Kritika and Ashutosh were called to testify. Their voices were heavy with sorrow and a terrible, gut-wrenching conflict. They told the simple, unvarnished truth about what they had found in the apartment, about the file, about Ruhi's chilling confession. Their testimony, honest and reluctant, sealed her fate. After their appearance, they stopped coming to the trial. The friendship that had once been Rihan's entire world was fractured, perhaps irreparably. But Rihan, in his heart, understood. They had done what they thought was right. They had acted out of fear, not malice. He couldn't hate them for it.

The verdict, when it finally came after weeks of grueling testimony, was a complicated compromise, a reflection of the case's own moral ambiguity. Guilty, but with significant mitigating circumstances. The new crimes—the savage assaults on Vikas and his friends, on Professor Verma—were undeniable. But her well-documented history of mental illness, the clear provocation, and the testimony about the abuse she had endured led the judge to a sentence that satisfied no one.

She wasn't sent to a maximum-security prison to rot. She was sentenced to a secure, high-walled psychiatric facility. The sentence was for one year. One year to face her demons, to undergo intensive therapy, to try and integrate the shattered pieces of her personality, to pay the price for her brutal, misguided acts of love.

On the day she was to be transferred, Rihan was allowed to see her one last time. They met in a sterile, white, featureless room, a thick pane of reinforced glass separating them. She looked small and lost in her drab, ill-fitting institutional uniform, her glorious hair tied back severely.

"I'll wait for you," he said, his voice steady and clear, pressing his hand flat against the cold, unyielding glass.

Tears, the first she had shed since her confession, welled in her eyes. But for the first time, they weren't tears of anguish or rage, but of a profound, soul-deep gratitude. "Why?" she whispered, her voice raspy and thin through the crackling speaker system. "After everything... how can you still love me?"

"Because I love you," he said simply, his voice unwavering. "And because I understand. The world hurt you, and you learned to hurt it back. I don't love what you did. But I love you. When I get you back, we'll learn how to heal. Together."

He made a promise to her then, and to himself. He wouldn't just wait. He would become someone strong enough to be her shield, her real protector, so she would never have to be a monster again.
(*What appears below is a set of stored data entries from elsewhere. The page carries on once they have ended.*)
lemma vol_add_vol_pos:
  assumes "finite V" "A \<subseteq> V" "A \<noteq> {}" "S \<subseteq> V" and "\<forall>i\<in>V. 0 < g i"
  shows "0 < vol g A + vol g S"
proof -
  have "finite A"
    using assms(1,2) by (rule finite_subset[rotated])
  then have "0 < vol g A"
    using assms(2,3,5) by (intro vol_pos) auto
  moreover have "0 \<le> vol g S"
    using assms by (intro vol_nonneg) (auto simp: less_imp_le)
  ultimately show ?thesis
    by linarith
qed

lemma pen_nonneg: "0 \<le> pen p M k l dst d0 A"
  unfolding pen_def by (auto intro!: sum_nonneg add_nonneg_nonneg)

lemma pen_eq_0_if_feasible:
  assumes "feasible V S p M k l dst d0 A"
  shows "pen p M k l dst d0 A = 0"
  using assms unfolding feasible_def pen_def by auto

lemma pen_pos_if_infeasible:
  assumes "finite A" "A \<subseteq> V - S" "A \<noteq> {}" and "\<not> feasible V S p M k l dst d0 A"
  shows "0 < pen p M k l dst d0 A"
proof -
  let ?upper = "\<Sum>j\<in>{1..p}. max 0 (vol (M j) A - l j)"
  let ?lower = "\<Sum>j\<in>{1..p}. max 0 (k j - vol (M j) A)"
  let ?diam = "\<Sum>u\<in>A. \<Sum>v\<in>A. max 0 (dst u v - d0)"
  have nonneg: "0 \<le> ?upper" "0 \<le> ?lower" "0 \<le> ?diam"
    by (auto intro!: sum_nonneg)
  have pen_eq: "pen p M k l dst d0 A = ?upper + ?lower + ?diam"
    using assms(3) by (simp add: pen_def)
  from assms(2-4) consider (lower) j where "j \<in> {1..p}" "vol (M j) A < k j"
    | (upper) j where "j \<in> {1..p}" "l j < vol (M j) A"
    | (diam) u v where "u \<in> A" "v \<in> A" "d0 < dst u v"
    unfolding feasible_def by (auto simp: not_le simp del: atLeastAtMost_iff)
  then show ?thesis
  proof cases
    case (lower j)
    then have "max 0 (k j - vol (M j) A) \<le> ?lower"
      by (intro member_le_sum) auto
    then show ?thesis using lower pen_eq nonneg by linarith
  next
    case (upper j)
    then have "max 0 (vol (M j) A - l j) \<le> ?upper"
      by (intro member_le_sum) auto
    then show ?thesis using upper pen_eq nonneg by linarith
  next
    case (diam u v)
    then have "max 0 (dst u v - d0) \<le> (\<Sum>v\<in>A. max 0 (dst u v - d0))"
      using assms(1) by (intro member_le_sum) auto
    also have "\<dots> \<le> ?diam"
      using diam assms(1)
      by (intro member_le_sum[where f = "\<lambda>u. \<Sum>v\<in>A. max 0 (dst u v - d0)"]) (auto intro!: sum_nonneg)
    finally show ?thesis using diam pen_eq nonneg by linarith
  qed
qed

lemma Ufun_eq:
  assumes "A \<noteq> {}" and num_pos: "0 < vol g A + vol g S + \<gamma> * pen p M k l dst d0 A"
  shows "Ufun w V S g \<gamma> p M k l dst d0 A =
    (if assocS w V S A = 0 then \<infinity>
     else ereal ((vol g A + vol g S + \<gamma> * pen p M k l dst d0 A) / assocS w V S A))"
  using assms by (simp add: Ufun_def Let_def unit_set_def)

lemma vol_add_vol_pos_if_feasible:
  assumes "finite V" "S \<subseteq> V" "\<forall>i\<in>V. 0 < g i" and "feasible V S p M k l dst d0 A"
  shows "0 < vol g A + vol g S"
  using assms(4) by (intro vol_add_vol_pos[OF assms(1) _ _ assms(2,3)]) (auto simp: feasible_def)

lemma gdsp_obj_nonneg:
  assumes "finite V" "S \<subseteq> V"
    and w_sym: "\<forall>i\<in>V. \<forall>j\<in>V. w i j = w j i"
    and w_nonneg: "\<forall>i\<in>V. \<forall>j\<in>V. 0 \<le> w i j"
    and g_pos: "\<forall>i\<in>V. 0 < g i"
    and "feasible V S p M k l dst d0 A"
  shows "0 \<le> gdsp_obj w V S g A"
proof -
  have "0 \<le> assocS w V S A"
    using assms(6) by (intro assocS_nonneg_le_vol(1)[OF assms(1,2) _ _ w_sym w_nonneg])
      (auto simp: feasible_def)
  then show ?thesis
    using vol_add_vol_pos_if_feasible[OF assms(1,2) g_pos assms(6)] by (simp add: gdsp_obj_def)
qed

lemma Ufun_feasible:
  assumes "finite V" "S \<subseteq> V" "\<forall>i\<in>V. 0 < g i" and "feasible V S p M k l dst d0 A"
  shows "Ufun w V S g \<gamma> p M k l dst d0 A = inverse (ereal (gdsp_obj w V S g A))"
proof -
  have "A \<noteq> {}"
    using assms(4) by (simp add: feasible_def)
  then show ?thesis
    using Ufun_eq[of A g S \<gamma> p M k l dst d0 w V] vol_add_vol_pos_if_feasible[OF assms]
    by (simp add: pen_eq_0_if_feasible[OF assms(4)] gdsp_obj_def)
qed

lemma Ufun_gt_if_penalty_gt:
  assumes "finite V" "S \<subseteq> V" "A \<subseteq> V - S" "A \<noteq> {}"
    and w_sym: "\<forall>i\<in>V. \<forall>j\<in>V. w i j = w j i"
    and w_nonneg: "\<forall>i\<in>V. \<forall>j\<in>V. 0 \<le> w i j"
    and vol_g_pos: "0 < vol g A + vol g S" and "0 \<le> \<gamma>"
    and c_lt: "c < \<gamma> * pen p M k l dst d0 A / vol (deg w V) V"
  shows "ereal c < Ufun w V S g \<gamma> p M k l dst d0 A"
proof -
  let ?a = "assocS w V S A" and ?P = "\<gamma> * pen p M k l dst d0 A"
  have "0 \<le> ?P"
    using \<open>0 \<le> \<gamma>\<close> pen_nonneg by (rule mult_nonneg_nonneg)
  have U_eq: "Ufun w V S g \<gamma> p M k l dst d0 A =
      (if ?a = 0 then \<infinity> else ereal ((vol g A + vol g S + ?P) / ?a))"
    using \<open>0 \<le> ?P\<close> vol_g_pos by (intro Ufun_eq \<open>A \<noteq> {}\<close>) linarith
  have "0 \<le> ?a" "?a \<le> vol (deg w V) V"
    using assocS_nonneg_le_vol[OF assms(1-6)] by auto
  show ?thesis
  proof (cases "?a = 0")
    case False
    then have "0 < ?a" using \<open>0 \<le> ?a\<close> by linarith
    have "c < ?P / vol (deg w V) V" by (fact c_lt)
    also have "\<dots> \<le> ?P / ?a"
      using \<open>0 < ?a\<close> \<open>?a \<le> vol (deg w V) V\<close> \<open>0 \<le> ?P\<close> by (intro divide_left_mono) auto
    also have "\<dots> \<le> (vol g A + vol g S + ?P) / ?a"
      using \<open>0 < ?a\<close> vol_g_pos by (intro divide_right_mono) auto
    finally show ?thesis using U_eq False by simp
  qed (use U_eq in simp)
qed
The next year was a blur of reinvention for Rihan. He threw himself into his studies with a ferocious, obsessive intensity. His mind, once clouded by fear and self-doubt, was now sharp and focused, driven by a singular purpose. He started working out with Ashutosh—who had quietly, guiltily, resumed their friendship—slowly and painfully building his skinny frame into one of quiet strength. He took public speaking classes, forcing himself to overcome his innate timidity, learning to command a room with his voice. He was no longer the frightened boy from the gazebo. He was becoming the man Ruhi needed him to be, a man who could stand by her side without needing her shadow to hide in.

He visited her every week, without fail, his unwavering presence her only lifeline to the outside world, her only hope for a future. He wrote to her every single day, long letters filled with details of his life, his studies, his hopes, and his unwavering love. His letters were a constant reminder of the future they would build, a future beyond the walls and the pain.